The benefit of the use of Vasopressin in adjunct to Norepinephrine has remained debatable in scientific literature, with a lack of data from LMICs. Our study showed that although there was no difference in mortality between the two groups, admission SOFA scores and admission lactate levels were found to be significantly higher in the norepinephrine-vasopressin combination group. Hence, physicians from Pakistan used the combination therapy in resistant septic shock patients who were sicker to begin with. Furthermore, duration of vasopressor therapy and ICU admission was also significantly higher in the norepinephrine-vasopressin group. Considering the recent hyperinflation of vasopressors costs and that most healthcare expenditure for patients in Pakistan is out-of-pocket, this can consequently lead to unwarranted financial burden for patients and their families.

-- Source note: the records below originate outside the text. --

text \<open>
  Write \<open>B\<^sub>k\<close> for the \<open>k\<close>-torsion of \<open>(B,+)\<close>. Since \<open>m\<close> and \<open>n\<close> are coprime,
  \<open>(B,+) = B\<^sub>m \<oplus> B\<^sub>n\<close> with \<open>|B\<^sub>m| = m\<close> and \<open>|B\<^sub>n| = n\<close>. The maps
  \<open>\<lambda>\<^sub>a(x) = -a + a x\<close> are additive automorphisms with \<open>\<lambda>\<^sub>a\<^sub>b = \<lambda>\<^sub>a \<lambda>\<^sub>b\<close>, so both torsion
  subgroups are left ideals and hence sub-braces.

  The crux is that \<open>\<lambda>\<^sub>a\<close> fixes \<open>B\<^sub>n\<close> pointwise for \<open>a \<in> B\<^sub>m\<close>. Since \<open>a\<^sup>m = 1\<close> in \<open>(B\<^sub>m,\<cdot>)\<close>,
  \<open>\<lambda>\<^sub>a\<close> restricts to an automorphism of \<open>B\<^sub>n\<close> of order dividing \<open>m\<close>, and the semidirect
  product of \<open>B\<^sub>n\<close> by the cyclic group \<open>C\<^sub>m\<close>, the generator acting by \<open>\<lambda>\<^sub>a\<close>, is a
  solvable group of order \<open>mn\<close>.
  A normal subgroup \<open>N\<close> of order \<open>m\<close> meets the normal subgroup \<open>B\<^sub>n\<close> trivially, so it commutes
  with \<open>B\<^sub>n\<close> and maps onto \<open>C\<^sub>m\<close>; an element of \<open>N\<close> over the generator then forces
  \<open>\<lambda>\<^sub>a = id\<close> on \<open>B\<^sub>n\<close>.

  Consequently \<open>a b = a + b\<close> and \<open>b a = \<lambda>\<^sub>b(a) b\<close> for \<open>a \<in> B\<^sub>m\<close>, \<open>b \<in> B\<^sub>n\<close>, whence
  \<open>(a + b)(a' + b') = a \<lambda>\<^sub>b(a') + b b'\<close>: the map \<open>(a, b) \<mapsto> a + b\<close> is an isomorphism
  onto \<open>B\<close> from the semidirect product of \<open>B\<^sub>m\<close> and \<open>B\<^sub>n\<close> with action \<open>b \<mapsto> \<lambda>\<^sub>b\<close>.
\<close>

section \<open>Finite groups\<close>

lemma comm_group_imp_solvable:
  assumes "comm_group G"
  shows "solvable G"
proof -
  interpret comm_group G by fact
  have "(derived G ^^ 1) (carrier G) = {\<one>\<^bsub>G\<^esub>}"
    using derived_eq_singleton by simp
  then show ?thesis
    unfolding solvable_def using trivial_derived_seq_imp_solvable[OF subgroup_self] by blast
qed

lemma finite_group_iso_nat_group:
  assumes "group G" and "finite (carrier G)"
  obtains H :: "nat monoid" and h where "group H" and "h \<in> iso G H"
proof -
  interpret group G by fact
  obtain h :: "_ \<Rightarrow> nat" where h: "inj_on h (carrier G)"
    using finite_imp_inj_to_nat_seg[OF assms(2)] by blast
  define H where "H = \<lparr>carrier = h ` carrier G,
    monoid.mult = \<lambda>x y. h (inv_into (carrier G) h x \<otimes>\<^bsub>G\<^esub> inv_into (carrier G) h y),
    one = h \<one>\<^bsub>G\<^esub>\<rparr>"
  have iso: "h \<in> iso G H"
    using h unfolding iso_def hom_def H_def by (auto simp: bij_betw_def)
  have "group (H\<lparr>one := h \<one>\<^bsub>G\<^esub>\<rparr>)"
    by (rule iso_imp_img_group[OF iso])
  then have "group H"
    by (simp add: H_def)
  with iso show thesis
    using that by blast
qed

lemma solvable_group_has_normal_subgroup:
  fixes G :: "('c, 'd) monoid_scheme"
  assumes hyp: "\<forall>G :: nat monoid. group G \<and> finite (carrier G) \<and> card (carrier G) = m * n
                 \<and> solvable G \<longrightarrow> (\<exists>N. N \<lhd> G \<and> card N = m)"
    and "group G" and "finite (carrier G)" and "card (carrier G) = m * n" and "solvable G"
  obtains N where "N \<lhd> G" and "card N = m"
proof -
  obtain H :: "nat monoid" and h where H: "group H" and h: "h \<in> iso G H"
    using finite_group_iso_nat_group assms(2,3) by blast
  interpret h: group_hom G H h
    using H h assms(2) by (simp add: group_hom_def group_hom_axioms_def iso_def)
  have "solvable H"
    using h.surj_hom_imp_solvable h \<open>solvable G\<close> by (simp add: iso_def bij_betw_def)
  have hbij: "bij_betw h (carrier G) (carrier H)"
    using h by (simp add: iso_def)
  have "finite (carrier H)"
    using bij_betw_finite[OF hbij] assms(3) by simp
  moreover have "card (carrier H) = m * n"
    using bij_betw_same_card[OF hbij] assms(4) by simp
  ultimately obtain N where N: "N \<lhd> H" "card N = m"
    using hyp H \<open>solvable H\<close> by blast
  have h': "inv_into (carrier G) h \<in> iso H G"
    using h by (rule h.G.iso_set_sym)
  have "inv_into (carrier G) h ` N \<lhd> G"
    using iso_normal_subgroup[OF h' H assms(2) N(1)] .
  moreover have "inj_on (inv_into (carrier G) h) N"
    using normal_imp_subgroup[OF N(1)] subgroup.subset hbij
    by (metis bij_betw_imp_surj_on inj_on_inv_into)
  ultimately show thesis
    using that N(2) by (simp add: card_image)
qed

lemma (in monoid) pow_mod_eq:
  fixes a k :: nat
  assumes "x \<in> carrier G" and "x [^] k = \<one>"
  shows "x [^] (a mod k) = x [^] a"
proof -
  have "x [^] a = x [^] (a mod k + k * (a div k))"
    by simp
  also have "\<dots> = x [^] (a mod k) \<otimes> (x [^] k) [^] (a div k)"
    using assms(1) by (simp only: nat_pow_mult nat_pow_pow)
  finally show ?thesis
    using assms by simp
qed

lemma (in group) pow_coprime_eq_one:
  fixes a b :: nat
  assumes "x \<in> carrier G" and "x [^] a = \<one>" and "x [^] b = \<one>" and "coprime a b"
  shows "x = \<one>"
proof -
  have "ord x dvd a" and "ord x dvd b"
    using assms pow_eq_id by auto
  then have "ord x = 1"
    using \<open>coprime a b\<close> coprime_common_divisor_nat by blast
  then show ?thesis
    using ord_eq_1 assms(1) by simp
qed

lemma (in group) pow_card_subgroup_eq_one:
  assumes "subgroup H G" and "finite H" and "x \<in> H"
  shows "x [^] card H = \<one>"
proof -
  interpret H: group "G\<lparr>carrier := H\<rparr>"
    using subgroup_imp_group[OF assms(1)] .
  have "x [^]\<^bsub>G\<lparr>carrier := H\<rparr>\<^esub> order (G\<lparr>carrier := H\<rparr>) = \<one>"
    using H.pow_order_eq_1 assms(3) by simp
  then show ?thesis
    using nat_pow_consistent assms by (simp add: order_def)
qed

lemma (in group) subgroups_coprime_card_inter:
  assumes "subgroup H G" and "subgroup K G" and "finite H" and "finite K"
    and "coprime (card H) (card K)"
  shows "H \<inter> K = {\<one>}"
proof -
  have "x = \<one>" if "x \<in> H" and "x \<in> K" for x
    using pow_coprime_eq_one[OF subgroup.mem_carrier[OF assms(1) \<open>x \<in> H\<close>]
        pow_card_subgroup_eq_one[OF assms(1,3) \<open>x \<in> H\<close>]
        pow_card_subgroup_eq_one[OF assms(2,4) \<open>x \<in> K\<close>] assms(5)] .
  then show ?thesis
    using assms(1,2) subgroup.one_closed by blast
qed

lemma (in group) normal_subgroups_trivial_inter_commute:
  assumes "N \<lhd> G" and "K \<lhd> G" and "N \<inter> K = {\<one>}" and "a \<in> N" and "b \<in> K"
  shows "a \<otimes> b = b \<otimes> a"
proof -
  interpret N: normal N G by fact
  interpret K: normal K G by fact
  have a: "a \<in> carrier G" and b: "b \<in> carrier G"
    using assms(4,5) N.subset K.subset by auto
  have "a \<otimes> (b \<otimes> inv a \<otimes> inv b) \<in> N"
    using assms(4) N.inv_op_closed2[OF b N.m_inv_closed[OF assms(4)]] by simp
  moreover have "a \<otimes> b \<otimes> inv a \<otimes> inv b \<in> K"
    using assms(5) K.inv_op_closed2[OF a assms(5)] by simp
  ultimately have "(a \<otimes> b) \<otimes> inv (b \<otimes> a) = \<one>"
    using assms(3) a b by (auto simp: m_assoc inv_mult_group)
  then show ?thesis
    using a b inv_equality[of "a \<otimes> b" "inv (b \<otimes> a)"] by simp
qed

lemma (in group) coprime_order_if_pow_eq_one:
  fixes k l :: nat
  assumes "finite (carrier G)" and "\<forall>x \<in> carrier G. x [^] k = \<one>" and "coprime k l"
  shows "coprime (order G) l"
proof (rule ccontr)
  assume "\<not> coprime (order G) l"
  then obtain p where p: "Factorial_Ring.prime p" "p dvd gcd (order G) l"
    using prime_factor_nat[of "gcd (order G) l"] by (auto simp: coprime_iff_gcd_eq_1)
  then have "p dvd order G" "p dvd l"
    by simp_all
  then obtain H where H: "subgroup H G" "card H = p" \<comment> \<open>Cauchy, as the case \<open>p\<^sup>1\<close> of Sylow\<close>
    using sylow_thm[OF p(1) is_group, of 1 "order G div p"] assms(1) \<open>p dvd order G\<close> by auto
  then have "finite H" "H \<noteq> {\<one>}"
    using p(1) prime_gt_1_nat finite_subset[OF subgroup.subset assms(1)] by fastforce+
  then obtain x where x: "x \<in> H" "x \<noteq> \<one>"
    using subgroup.one_closed[OF H(1)] by blast
  have "coprime k p"
    using assms(3) \<open>p dvd l\<close> coprime_mult_right_iff dvd_def by metis
  then have "x = \<one>"
    using pow_coprime_eq_one pow_card_subgroup_eq_one[OF H(1) \<open>finite H\<close> x(1)] H(2) assms(2)
      subgroup.mem_carrier[OF H(1) x(1)] by blast
  with x(2) show False ..
qed

lemma (in group_hom) image_subgroup_eq_if_trivial_kernel_inter:
  assumes "subgroup N G" and "N \<inter> kernel G H h = {\<one>\<^bsub>G\<^esub>}"
    and "finite (carrier H)" and "card N = card (carrier H)"
  shows "h ` N = carrier H"
proof -
  have "kernel (G\<lparr>carrier := N\<rparr>) H h = N \<inter> kernel G H h"
    using subgroup.subset[OF assms(1)] by (auto simp: kernel_def)
  then have "inj_on h N"
    using inj_on_subgroup_iff_trivial_ker[OF assms(1)] assms(2) by simp
  moreover have "h ` N \<subseteq> carrier H"
    using subgroup.subset[OF assms(1)] by auto
  ultimately show ?thesis
    using assms(3,4) by (simp add: card_image card_subset_eq)
qed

Therefore, future studies, especially from LMICs, are needed to justify the usage of vasopressin and norepinephrine for the treatment of septic shock.

ACKNOWLEDGMENTS

We would like to acknowledge Russell Seth Martins for his statistical assistance with this project and Dr. Minahil Khakwani for proofreading this article.

TABLE 4.

Univariate and Multivariable Logistic Regression

Variables	Norepinephrine and Vasopressin
	Crude OR (95% CI)	p	Adjusted OR (95% CI)a	p
Age	0.981 (0.971–0.992)	0.001	0.985 (0.971–0.999)	0.043
Gender
Male	1.100 (0.763–1.587)	0.609
Female	Reference
Diabetes	0.905 (0.631–1.298)	0.586
Hypertension	1.034 (0.720–1.485)	0.857
Ischemic heart disease	0.903 (0.591–1.380)	0.636
Chronic kidney disease	1.240 (0.819–1.876)	0.310
Malignancy	1.152 (0.651–2.037)	0.628
Charlson Comorbidity Index	0.958 (0.892–1.030)	0.246	0.977 (0.890–1.072)	0.618
Hemoglobin at admission (g/dL)	1.038 (0.967–1.114)	0.307
Serum creatinine at admission (mg/dL)	0.991 (0.929–1.056)	0.774
SOFA score at admission	1.125 (1.066–1.188)	< 0.001	1.100 (1.014–1.193)	0.022
Quick SOFA score at admission	1.278 (1.070–1.525)	0.007	1.134 (0.868–1.483)	0.357
Lactate at admission (mmol/L)	1.159 (1.108–1.212)	< 0.001	1.167 (1.109–1.227)	< 0.001
Duration on ventilator (s)	0.991 (0.947–1.036)	0.688
Duration of vasopressor use (s)	1.403 (1.259–1.564)	< 0.001	1.481 (1.316–1.666)	< 0.001
Level of care
Patients in ICU care	3.143 (1.831–5.396)	< 0.001	3.025 (1.682–5.441)	< 0.001
Patients in Special Care Unit care	Reference
Mortality	1.500 (1.044–2.156)	0.028	0.633 (0.370–1.081)	0.094

OR = odds ratio, SOFA = Sequential Organ Failure Assessment.

aAdjusted for variables with p < 0.25 on univariate analysis.

Boldface values indicate statistically significant (p value ≤0.05) upon analysis.